Abstract: Autonomous robots can survey and monitor large
environments. However, these robots often have limited computational
and power resources, making it crucial to develop an efficient
and adaptive informative path planning (IPP) algorithm.
Such an algorithm must quickly adapt to environmental data to
maximize the information collected while accommodating path
constraints, such as distance budgets and boundary limitations.
Current approaches to this problem often rely on maximizing
mutual information using methods such as greedy algorithms,
Bayesian optimization, and genetic algorithms. These methods
can be slow and do not scale well to large or 3D environments.
We present an adaptive IPP approach that is fully differentiable,
significantly faster than previous methods, and scalable to
3D spaces. Our approach also supports continuous sensing
robots, which collect data continuously along the entire path,
by leveraging streaming sparse Gaussian processes.

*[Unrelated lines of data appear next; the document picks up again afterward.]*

section \<open>Continuous majorants\<close>

lemma mono_continuous_sandwich:
  fixes g :: "real \<Rightarrow> real"
  assumes g: "mono g"
  obtains h where "continuous_on UNIV h" "mono h" "\<And>x. g x \<le> h x \<and> h x \<le> g (x + 1)"
proof
  define h where "h x = integral {x..x+1} g" for x
  have int: "f integrable_on {a..b}" if "mono f" for f :: "real \<Rightarrow> real" and a b
    using that by (intro integrable_on_mono_on) (simp add: mono_on_def monoD)
  show "g x \<le> h x \<and> h x \<le> g (x + 1)" for x
  proof
    have "integral {x..x+1} (\<lambda>_. g x) \<le> h x"
      unfolding h_def by (rule integral_le) (auto intro: int g monoD[OF g])
    then show "g x \<le> h x" by simp
    have "h x \<le> integral {x..x+1} (\<lambda>_. g (x + 1))"
      unfolding h_def by (rule integral_le) (auto intro: int g monoD[OF g])
    then show "h x \<le> g (x + 1)" by simp
  qed
  have shift: "h x = integral {0..1} (\<lambda>s. g (s + x))" for x
    using integral_shift_real_ivl[of x x "x + 1" g] by (simp add: h_def)
  show "mono h"
  proof
    fix a b :: real assume "a \<le> b"
    have "mono (\<lambda>s. g (s + c))" for c by (rule monoI) (auto intro: monoD[OF g])
    then show "h a \<le> h b" unfolding shift
      by (intro integral_le) (auto intro: int monoD[OF g] simp: \<open>a \<le> b\<close>)
  qed
  show "continuous_on UNIV h"
  proof (rule continuous_at_imp_continuous_on, intro ballI)
    fix x0 :: real
    define F where "F x = integral {x0 - 1..x} g" for x
    have F: "continuous_on {x0 - 1..x0 + 2} F"
      unfolding F_def by (rule indefinite_integral_continuous_1[OF int[OF g]])
    have "h x = F (x + 1) - F x" if "x \<in> {x0 - 1..x0 + 1}" for x
      using that Henstock_Kurzweil_Integration.integral_combine[OF _ _ int[OF g], of "x0 - 1" x "x + 1"]
      by (simp add: h_def F_def)
    moreover have "continuous_on {x0 - 1..x0 + 1} (\<lambda>x. F (x + 1) - F x)"
      by (intro continuous_on_diff continuous_on_compose2[OF F] continuous_on_subset[OF F]
          continuous_intros) auto
    ultimately have "continuous_on {x0 - 1..x0 + 1} h"
      by (auto intro: continuous_on_eq)
    then show "isCont h x0"
      by (rule continuous_on_interior) auto
  qed
qed

lemma antimono_continuous_sandwich:
  fixes f :: "real \<Rightarrow> real"
  assumes f: "\<And>x y. 0 \<le> x \<Longrightarrow> x \<le> y \<Longrightarrow> f y \<le> f x"
  obtains h where "continuous_on UNIV h" "antimono h"
    "\<And>x. f (max (x + 1) 0) \<le> h x \<and> h x \<le> f (max x 0)"
proof -
  have "mono (\<lambda>x. - f (max x 0))"
    by (rule monoI) (auto intro: f)
  then obtain g where "continuous_on UNIV g" "mono g"
    and g: "\<And>x. - f (max x 0) \<le> g x \<and> g x \<le> - f (max (x + 1) 0)"
    using mono_continuous_sandwich by blast
  then show ?thesis
  proof (intro that[of "\<lambda>x. - g x"])
    show "f (max (x + 1) 0) \<le> - g x \<and> - g x \<le> f (max x 0)" for x
      using g[of x] by linarith
  qed (auto intro: continuous_intros simp: mono_def antimono_def)
qed

lemma vanishing_antimono_continuous_majorant:
  fixes \<Phi> :: "real \<Rightarrow> real"
  assumes nonneg: "\<And>S. 0 \<le> S \<Longrightarrow> 0 \<le> \<Phi> S"
    and antimono: "\<And>S S'. 0 \<le> S \<Longrightarrow> S \<le> S' \<Longrightarrow> \<Phi> S' \<le> \<Phi> S"
    and tendsto: "(\<Phi> \<longlongrightarrow> 0) at_top"
  obtains \<Phi>' where "continuous_on UNIV \<Phi>'" "antimono \<Phi>'" "\<And>S. 0 \<le> \<Phi>' S" "(\<Phi>' \<longlongrightarrow> 0) at_top"
    "\<And>S. 0 \<le> S \<Longrightarrow> \<Phi> S \<le> \<Phi>' S"
proof -
  obtain h where h_cont: "continuous_on UNIV h" and "antimono h"
    and h: "\<And>x. \<Phi> (max (x + 1) 0) \<le> h x \<and> h x \<le> \<Phi> (max x 0)"
    using antimono_continuous_sandwich[of \<Phi>, OF antimono] by blast
  show ?thesis
  proof (rule that[of "\<lambda>S. h (S - 1)"])
    show "continuous_on UNIV (\<lambda>S. h (S - 1))"
      by (rule continuous_on_compose2[OF h_cont]) (auto intro: continuous_intros)
    show "antimono (\<lambda>S. h (S - 1))"
      using \<open>antimono h\<close> by (simp add: antimono_def)
    show "\<Phi> S \<le> h (S - 1)" if "0 \<le> S" for S
      using h[of "S - 1"] that by simp
    show h_nonneg: "0 \<le> h (S - 1)" for S
      using h[of "S - 1"] nonneg[of "max S 0"] by simp
    have upper: "eventually (\<lambda>S. h (S - 1) \<le> \<Phi> (-1 + S)) at_top"
      using eventually_ge_at_top[of 1]
    proof eventually_elim
      case (elim S)
      then show ?case
        using h[of "S - 1"] by simp
    qed
    have lower: "eventually (\<lambda>S. 0 \<le> h (S - 1)) at_top"
      by (intro always_eventually allI h_nonneg)
    have "((\<lambda>S. \<Phi> (-1 + S)) \<longlongrightarrow> 0) at_top"
      by (rule filterlim_compose[OF tendsto filterlim_tendsto_add_at_top[OF tendsto_const filterlim_ident]])
    then show "((\<lambda>S. h (S - 1)) \<longlongrightarrow> 0) at_top"
      by (rule tendsto_sandwich[OF lower upper tendsto_const])
  qed
qed

lemma positive_antimono_continuous_minorant:
  fixes \<sigma> :: "real \<Rightarrow> real"
  assumes pos: "\<And>r. 0 \<le> r \<Longrightarrow> 0 < \<sigma> r"
    and antimono: "\<And>r r'. 0 \<le> r \<Longrightarrow> r \<le> r' \<Longrightarrow> \<sigma> r' \<le> \<sigma> r"
  obtains \<sigma>' where "continuous_on UNIV \<sigma>'" "antimono \<sigma>'" "\<And>r. 0 < \<sigma>' r"
    "\<And>r. 0 \<le> r \<Longrightarrow> \<sigma>' r \<le> \<sigma> r"
proof -
  obtain h where h_cont: "continuous_on UNIV h" and h_anti: "antimono h"
    and h: "\<And>x. \<sigma> (max (x + 1) 0) \<le> h x \<and> h x \<le> \<sigma> (max x 0)"
    using antimono_continuous_sandwich[of \<sigma>, OF antimono] by blast
  show ?thesis
  proof (rule that[OF h_cont h_anti])
    show "h r \<le> \<sigma> r" if "0 \<le> r" for r
      using h[of r] that by simp
    show "0 < h r" for r
      using h[of r] pos[of "max (r + 1) 0"] by simp
  qed
qed

lemma continuous_on_extend_by_zero:
  fixes k :: "real \<Rightarrow> real"
  assumes k: "continuous_on {0<..} k" and k_0: "(k \<longlongrightarrow> 0) (at_right 0)"
  shows "continuous_on UNIV (\<lambda>s. if 0 < s then k s else 0)"
proof (rule continuous_at_imp_continuous_on, intro ballI)
  fix x :: real
  show "isCont (\<lambda>s. if 0 < s then k s else 0) x"
  proof (cases x "0::real" rule: linorder_cases)
    case less
    have "eventually (\<lambda>s. (if 0 < s then k s else 0) = 0) (nhds x)"
      using eventually_nhds_in_open[of "{..<0}" x] less by (auto elim!: eventually_mono)
    then show ?thesis
      by (simp add: isCont_cong)
  next
    case greater
    have "eventually (\<lambda>s. (if 0 < s then k s else 0) = k s) (nhds x)"
      using eventually_nhds_in_open[of "{0<..}" x] greater by (auto elim!: eventually_mono)
    moreover have "isCont k x"
      using k greater by (simp add: continuous_on_eq_continuous_at)
    ultimately show ?thesis
      by (simp add: isCont_cong)
  next
    case equal
    have "((\<lambda>s. if 0 < s then k s else 0) \<longlongrightarrow> 0) (at_left 0)"
      by (rule tendsto_eventually) (auto simp: eventually_at_left_field intro: exI[of _ "-1"])
    moreover have "((\<lambda>s. if 0 < s then k s else 0) \<longlongrightarrow> 0) (at_right 0)"
      using k_0 by (rule Lim_transform_eventually) (rule eventually_mono[OF eventually_at_right_less], simp)
    ultimately show ?thesis
      using equal by (simp add: isCont_def filterlim_split_at)
  qed
qed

Benchmark results on two real-world datasets demonstrate
that our approach yields solutions that are on par with or
better than baseline methods while being up to two orders
of magnitude faster. Additionally, we showcase our adaptive
IPP approach in a 3D space using a system-on-chip embedded
computer with minimal computational resources. Our code is
available in the SGP-Tools Python library with a companion
ROS 2 package for deployment on ArduPilot-based robots.